» **WORK TO BE COMPLETED**: What are the lines of the listing below, word for word, from the first down to the one that contains "using ereal_less_le_real_trans[of s t"?

» **SOURCE DATA**:
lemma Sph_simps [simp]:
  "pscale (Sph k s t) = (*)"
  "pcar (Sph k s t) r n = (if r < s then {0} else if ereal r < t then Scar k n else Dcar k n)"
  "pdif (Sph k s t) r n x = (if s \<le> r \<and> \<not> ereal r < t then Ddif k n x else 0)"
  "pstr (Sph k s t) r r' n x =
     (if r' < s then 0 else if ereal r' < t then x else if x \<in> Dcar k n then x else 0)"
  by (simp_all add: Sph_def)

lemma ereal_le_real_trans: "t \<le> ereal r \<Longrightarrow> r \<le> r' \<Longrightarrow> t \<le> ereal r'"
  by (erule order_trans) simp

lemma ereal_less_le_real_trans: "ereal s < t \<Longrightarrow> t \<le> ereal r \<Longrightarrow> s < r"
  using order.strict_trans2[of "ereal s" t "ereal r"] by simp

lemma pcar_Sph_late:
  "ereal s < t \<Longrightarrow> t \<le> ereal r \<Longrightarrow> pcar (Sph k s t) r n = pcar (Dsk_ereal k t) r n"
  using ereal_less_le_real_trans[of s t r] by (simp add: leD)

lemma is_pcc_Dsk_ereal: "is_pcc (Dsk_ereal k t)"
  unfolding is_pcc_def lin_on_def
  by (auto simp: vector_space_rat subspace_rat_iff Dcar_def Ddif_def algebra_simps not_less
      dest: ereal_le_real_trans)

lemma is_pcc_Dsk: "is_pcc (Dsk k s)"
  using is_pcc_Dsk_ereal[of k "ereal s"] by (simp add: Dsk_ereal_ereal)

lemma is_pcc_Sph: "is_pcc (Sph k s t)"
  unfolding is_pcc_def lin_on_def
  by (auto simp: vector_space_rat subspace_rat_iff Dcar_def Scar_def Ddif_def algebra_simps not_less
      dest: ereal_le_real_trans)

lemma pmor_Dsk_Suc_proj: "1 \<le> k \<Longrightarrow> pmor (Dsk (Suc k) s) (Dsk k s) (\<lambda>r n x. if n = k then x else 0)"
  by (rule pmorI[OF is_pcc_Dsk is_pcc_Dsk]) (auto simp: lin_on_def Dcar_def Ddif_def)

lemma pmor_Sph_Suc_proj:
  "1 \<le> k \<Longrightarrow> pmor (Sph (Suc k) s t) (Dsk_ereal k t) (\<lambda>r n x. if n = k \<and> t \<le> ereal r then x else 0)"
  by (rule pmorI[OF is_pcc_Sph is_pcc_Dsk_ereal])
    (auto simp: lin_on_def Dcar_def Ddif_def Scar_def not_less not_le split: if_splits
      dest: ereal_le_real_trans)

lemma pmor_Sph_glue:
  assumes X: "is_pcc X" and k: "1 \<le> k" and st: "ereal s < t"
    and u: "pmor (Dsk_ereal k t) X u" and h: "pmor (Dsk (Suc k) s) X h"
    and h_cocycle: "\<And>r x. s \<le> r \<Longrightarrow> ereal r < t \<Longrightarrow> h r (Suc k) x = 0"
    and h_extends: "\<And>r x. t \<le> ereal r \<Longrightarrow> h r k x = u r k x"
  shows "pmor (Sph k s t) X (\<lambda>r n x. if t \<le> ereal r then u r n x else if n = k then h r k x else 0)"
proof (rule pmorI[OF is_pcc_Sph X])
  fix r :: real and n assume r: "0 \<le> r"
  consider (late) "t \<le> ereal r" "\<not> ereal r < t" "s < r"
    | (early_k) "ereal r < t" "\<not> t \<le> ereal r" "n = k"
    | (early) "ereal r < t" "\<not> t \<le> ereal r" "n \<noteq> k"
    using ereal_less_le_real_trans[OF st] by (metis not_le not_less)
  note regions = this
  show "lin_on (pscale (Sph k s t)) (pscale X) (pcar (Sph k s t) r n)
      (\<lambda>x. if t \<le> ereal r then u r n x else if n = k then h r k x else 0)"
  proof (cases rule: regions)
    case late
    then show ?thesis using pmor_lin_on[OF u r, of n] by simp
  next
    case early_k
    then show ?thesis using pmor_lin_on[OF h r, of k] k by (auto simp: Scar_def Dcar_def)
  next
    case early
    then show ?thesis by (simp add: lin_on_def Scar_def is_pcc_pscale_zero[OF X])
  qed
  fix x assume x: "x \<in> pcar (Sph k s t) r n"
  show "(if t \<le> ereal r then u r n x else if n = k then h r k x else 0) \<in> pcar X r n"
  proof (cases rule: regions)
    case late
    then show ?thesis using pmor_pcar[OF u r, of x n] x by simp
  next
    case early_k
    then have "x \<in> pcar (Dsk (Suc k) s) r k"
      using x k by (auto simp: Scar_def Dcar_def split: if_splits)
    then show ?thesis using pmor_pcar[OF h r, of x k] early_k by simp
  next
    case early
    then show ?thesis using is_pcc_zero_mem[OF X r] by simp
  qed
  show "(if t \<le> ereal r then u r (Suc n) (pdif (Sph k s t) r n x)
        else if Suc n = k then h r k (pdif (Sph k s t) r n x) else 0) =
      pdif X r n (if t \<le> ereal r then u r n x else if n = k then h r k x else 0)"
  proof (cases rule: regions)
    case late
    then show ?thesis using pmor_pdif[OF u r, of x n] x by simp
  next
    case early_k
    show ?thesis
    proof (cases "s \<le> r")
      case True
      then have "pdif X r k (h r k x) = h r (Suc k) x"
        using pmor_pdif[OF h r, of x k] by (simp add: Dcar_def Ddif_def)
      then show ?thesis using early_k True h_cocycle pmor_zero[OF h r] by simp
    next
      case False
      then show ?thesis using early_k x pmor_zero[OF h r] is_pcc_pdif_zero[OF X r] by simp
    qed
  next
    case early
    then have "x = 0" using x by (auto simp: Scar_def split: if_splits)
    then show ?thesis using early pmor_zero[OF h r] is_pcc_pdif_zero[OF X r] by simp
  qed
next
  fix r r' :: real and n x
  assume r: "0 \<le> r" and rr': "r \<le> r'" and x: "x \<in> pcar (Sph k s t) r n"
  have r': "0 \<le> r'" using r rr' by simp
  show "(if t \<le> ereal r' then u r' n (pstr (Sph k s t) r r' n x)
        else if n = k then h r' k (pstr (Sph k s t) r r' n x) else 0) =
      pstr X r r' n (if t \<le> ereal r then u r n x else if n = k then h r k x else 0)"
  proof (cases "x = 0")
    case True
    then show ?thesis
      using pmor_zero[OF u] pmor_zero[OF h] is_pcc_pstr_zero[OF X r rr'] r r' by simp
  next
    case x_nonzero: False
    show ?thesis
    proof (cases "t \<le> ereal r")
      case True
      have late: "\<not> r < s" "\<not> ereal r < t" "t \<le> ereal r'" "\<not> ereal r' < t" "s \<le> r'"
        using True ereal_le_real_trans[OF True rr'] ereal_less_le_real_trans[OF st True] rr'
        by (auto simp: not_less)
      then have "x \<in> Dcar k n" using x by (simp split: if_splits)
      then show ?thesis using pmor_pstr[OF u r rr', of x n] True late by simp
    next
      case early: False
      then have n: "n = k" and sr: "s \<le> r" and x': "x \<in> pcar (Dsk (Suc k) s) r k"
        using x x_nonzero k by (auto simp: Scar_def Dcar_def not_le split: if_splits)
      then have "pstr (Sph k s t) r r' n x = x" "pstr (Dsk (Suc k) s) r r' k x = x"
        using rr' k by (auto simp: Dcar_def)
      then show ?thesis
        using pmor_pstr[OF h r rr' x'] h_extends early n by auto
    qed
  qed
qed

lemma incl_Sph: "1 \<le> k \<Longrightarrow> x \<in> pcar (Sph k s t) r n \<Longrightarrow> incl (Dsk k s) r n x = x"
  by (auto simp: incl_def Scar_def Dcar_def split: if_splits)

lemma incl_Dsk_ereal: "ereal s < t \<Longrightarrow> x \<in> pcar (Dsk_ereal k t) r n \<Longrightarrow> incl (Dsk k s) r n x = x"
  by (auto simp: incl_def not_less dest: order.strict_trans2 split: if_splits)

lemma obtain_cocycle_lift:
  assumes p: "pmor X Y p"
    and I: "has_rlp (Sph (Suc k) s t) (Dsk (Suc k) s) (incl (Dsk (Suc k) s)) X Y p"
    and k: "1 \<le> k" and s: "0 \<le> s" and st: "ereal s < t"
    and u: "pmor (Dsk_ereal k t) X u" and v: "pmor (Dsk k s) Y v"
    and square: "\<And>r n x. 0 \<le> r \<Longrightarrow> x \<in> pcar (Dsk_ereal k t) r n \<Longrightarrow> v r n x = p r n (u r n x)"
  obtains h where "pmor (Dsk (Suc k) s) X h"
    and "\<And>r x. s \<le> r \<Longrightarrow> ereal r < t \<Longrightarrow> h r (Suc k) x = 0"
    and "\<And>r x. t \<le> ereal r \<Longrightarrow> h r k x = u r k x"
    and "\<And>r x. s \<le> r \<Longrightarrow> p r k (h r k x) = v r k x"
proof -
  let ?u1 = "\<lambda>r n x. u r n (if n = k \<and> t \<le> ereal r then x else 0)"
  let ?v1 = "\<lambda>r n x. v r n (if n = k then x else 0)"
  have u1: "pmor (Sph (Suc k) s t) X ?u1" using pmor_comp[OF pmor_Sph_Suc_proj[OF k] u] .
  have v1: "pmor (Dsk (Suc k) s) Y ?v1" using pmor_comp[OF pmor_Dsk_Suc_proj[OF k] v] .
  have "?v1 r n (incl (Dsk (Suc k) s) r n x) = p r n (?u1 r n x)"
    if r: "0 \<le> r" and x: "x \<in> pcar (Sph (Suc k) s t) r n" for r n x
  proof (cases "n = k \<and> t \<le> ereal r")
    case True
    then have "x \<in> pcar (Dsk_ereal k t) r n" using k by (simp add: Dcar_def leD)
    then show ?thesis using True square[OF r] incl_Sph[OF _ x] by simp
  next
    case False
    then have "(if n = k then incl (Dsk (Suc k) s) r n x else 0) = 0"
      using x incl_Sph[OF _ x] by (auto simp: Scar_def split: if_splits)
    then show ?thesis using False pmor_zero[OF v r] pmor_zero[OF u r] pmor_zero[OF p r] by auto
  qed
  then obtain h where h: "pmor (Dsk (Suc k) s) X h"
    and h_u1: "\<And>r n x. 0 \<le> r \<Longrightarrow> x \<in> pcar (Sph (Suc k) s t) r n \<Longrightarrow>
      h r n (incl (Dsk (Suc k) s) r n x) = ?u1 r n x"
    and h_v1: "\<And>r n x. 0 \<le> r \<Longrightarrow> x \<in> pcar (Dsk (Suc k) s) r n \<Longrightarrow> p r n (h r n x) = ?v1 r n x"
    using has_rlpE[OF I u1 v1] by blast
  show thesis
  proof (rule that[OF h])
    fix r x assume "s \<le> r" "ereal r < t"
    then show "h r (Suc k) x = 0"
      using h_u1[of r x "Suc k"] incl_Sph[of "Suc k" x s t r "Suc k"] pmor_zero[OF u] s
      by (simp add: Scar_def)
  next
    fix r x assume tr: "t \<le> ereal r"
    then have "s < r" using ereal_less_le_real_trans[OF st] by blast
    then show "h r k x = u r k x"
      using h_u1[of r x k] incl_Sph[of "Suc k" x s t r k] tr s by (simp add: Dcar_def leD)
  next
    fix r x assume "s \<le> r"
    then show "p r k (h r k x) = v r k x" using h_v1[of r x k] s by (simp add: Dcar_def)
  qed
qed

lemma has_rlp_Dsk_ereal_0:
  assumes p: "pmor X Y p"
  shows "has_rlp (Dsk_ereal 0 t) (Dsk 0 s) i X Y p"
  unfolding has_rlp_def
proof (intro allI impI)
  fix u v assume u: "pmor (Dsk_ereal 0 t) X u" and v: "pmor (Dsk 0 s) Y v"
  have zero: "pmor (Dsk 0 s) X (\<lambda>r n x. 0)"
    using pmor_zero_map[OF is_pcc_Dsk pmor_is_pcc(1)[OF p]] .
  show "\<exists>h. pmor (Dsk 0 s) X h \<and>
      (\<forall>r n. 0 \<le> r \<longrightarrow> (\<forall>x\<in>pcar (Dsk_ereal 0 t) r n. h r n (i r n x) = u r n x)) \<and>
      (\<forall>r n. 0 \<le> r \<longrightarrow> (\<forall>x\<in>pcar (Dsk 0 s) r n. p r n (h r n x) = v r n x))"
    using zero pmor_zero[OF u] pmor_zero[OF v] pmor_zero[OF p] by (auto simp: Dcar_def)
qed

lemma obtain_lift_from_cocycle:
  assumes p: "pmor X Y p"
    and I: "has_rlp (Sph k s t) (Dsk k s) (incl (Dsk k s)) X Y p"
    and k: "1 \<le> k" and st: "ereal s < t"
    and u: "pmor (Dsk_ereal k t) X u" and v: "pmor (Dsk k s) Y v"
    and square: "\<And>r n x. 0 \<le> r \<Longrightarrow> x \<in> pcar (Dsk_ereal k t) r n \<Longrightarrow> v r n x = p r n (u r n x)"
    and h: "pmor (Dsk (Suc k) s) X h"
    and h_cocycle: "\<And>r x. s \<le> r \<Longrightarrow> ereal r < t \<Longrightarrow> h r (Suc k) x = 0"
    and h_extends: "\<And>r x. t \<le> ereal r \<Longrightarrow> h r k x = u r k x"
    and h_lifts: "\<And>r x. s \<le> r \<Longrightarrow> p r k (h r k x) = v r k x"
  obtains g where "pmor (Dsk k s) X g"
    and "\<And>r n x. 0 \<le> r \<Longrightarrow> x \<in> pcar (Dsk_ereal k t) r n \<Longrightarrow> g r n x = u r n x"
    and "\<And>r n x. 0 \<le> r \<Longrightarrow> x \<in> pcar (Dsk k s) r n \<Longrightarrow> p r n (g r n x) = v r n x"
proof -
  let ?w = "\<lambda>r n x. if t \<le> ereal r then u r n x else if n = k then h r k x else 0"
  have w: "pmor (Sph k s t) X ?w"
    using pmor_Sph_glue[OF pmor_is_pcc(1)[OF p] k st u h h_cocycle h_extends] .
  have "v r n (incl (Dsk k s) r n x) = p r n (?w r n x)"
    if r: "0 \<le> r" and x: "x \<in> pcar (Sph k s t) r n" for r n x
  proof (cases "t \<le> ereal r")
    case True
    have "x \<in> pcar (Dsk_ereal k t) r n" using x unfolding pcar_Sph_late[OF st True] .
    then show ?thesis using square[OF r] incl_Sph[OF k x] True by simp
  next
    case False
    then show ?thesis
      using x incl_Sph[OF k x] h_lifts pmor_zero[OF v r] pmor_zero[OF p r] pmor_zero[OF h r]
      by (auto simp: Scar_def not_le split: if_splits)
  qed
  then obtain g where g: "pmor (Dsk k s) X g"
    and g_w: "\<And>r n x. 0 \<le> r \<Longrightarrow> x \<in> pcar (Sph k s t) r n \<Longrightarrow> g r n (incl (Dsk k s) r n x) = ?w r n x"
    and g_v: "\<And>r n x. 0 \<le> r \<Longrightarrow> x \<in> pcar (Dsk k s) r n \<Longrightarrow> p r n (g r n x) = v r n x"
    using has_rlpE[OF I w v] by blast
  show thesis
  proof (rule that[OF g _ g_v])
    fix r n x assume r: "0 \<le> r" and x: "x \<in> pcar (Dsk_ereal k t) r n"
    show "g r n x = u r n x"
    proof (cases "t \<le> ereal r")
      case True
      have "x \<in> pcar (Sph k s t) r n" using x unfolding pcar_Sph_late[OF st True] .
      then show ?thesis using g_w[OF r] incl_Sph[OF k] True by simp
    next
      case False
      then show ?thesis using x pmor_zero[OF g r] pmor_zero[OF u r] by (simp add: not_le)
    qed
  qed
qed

» **ANSWER TO THE EXERCISE**:
lemma Sph_simps [simp]:
  "pscale (Sph k s t) = (*)"
  "pcar (Sph k s t) r n = (if r < s then {0} else if ereal r < t then Scar k n else Dcar k n)"
  "pdif (Sph k s t) r n x = (if s \<le> r \<and> \<not> ereal r < t then Ddif k n x else 0)"
  "pstr (Sph k s t) r r' n x =
     (if r' < s then 0 else if ereal r' < t then x else if x \<in> Dcar k n then x else 0)"
  by (simp_all add: Sph_def)

lemma ereal_le_real_trans: "t \<le> ereal r \<Longrightarrow> r \<le> r' \<Longrightarrow> t \<le> ereal r'"
  by (erule order_trans) simp

lemma ereal_less_le_real_trans: "ereal s < t \<Longrightarrow> t \<le> ereal r \<Longrightarrow> s < r"
  using order.strict_trans2[of "ereal s" t "ereal r"] by simp

lemma pcar_Sph_late:
  "ereal s < t \<Longrightarrow> t \<le> ereal r \<Longrightarrow> pcar (Sph k s t) r n = pcar (Dsk_ereal k t) r n"
  using ereal_less_le_real_trans[of s t r] by (simp add: leD)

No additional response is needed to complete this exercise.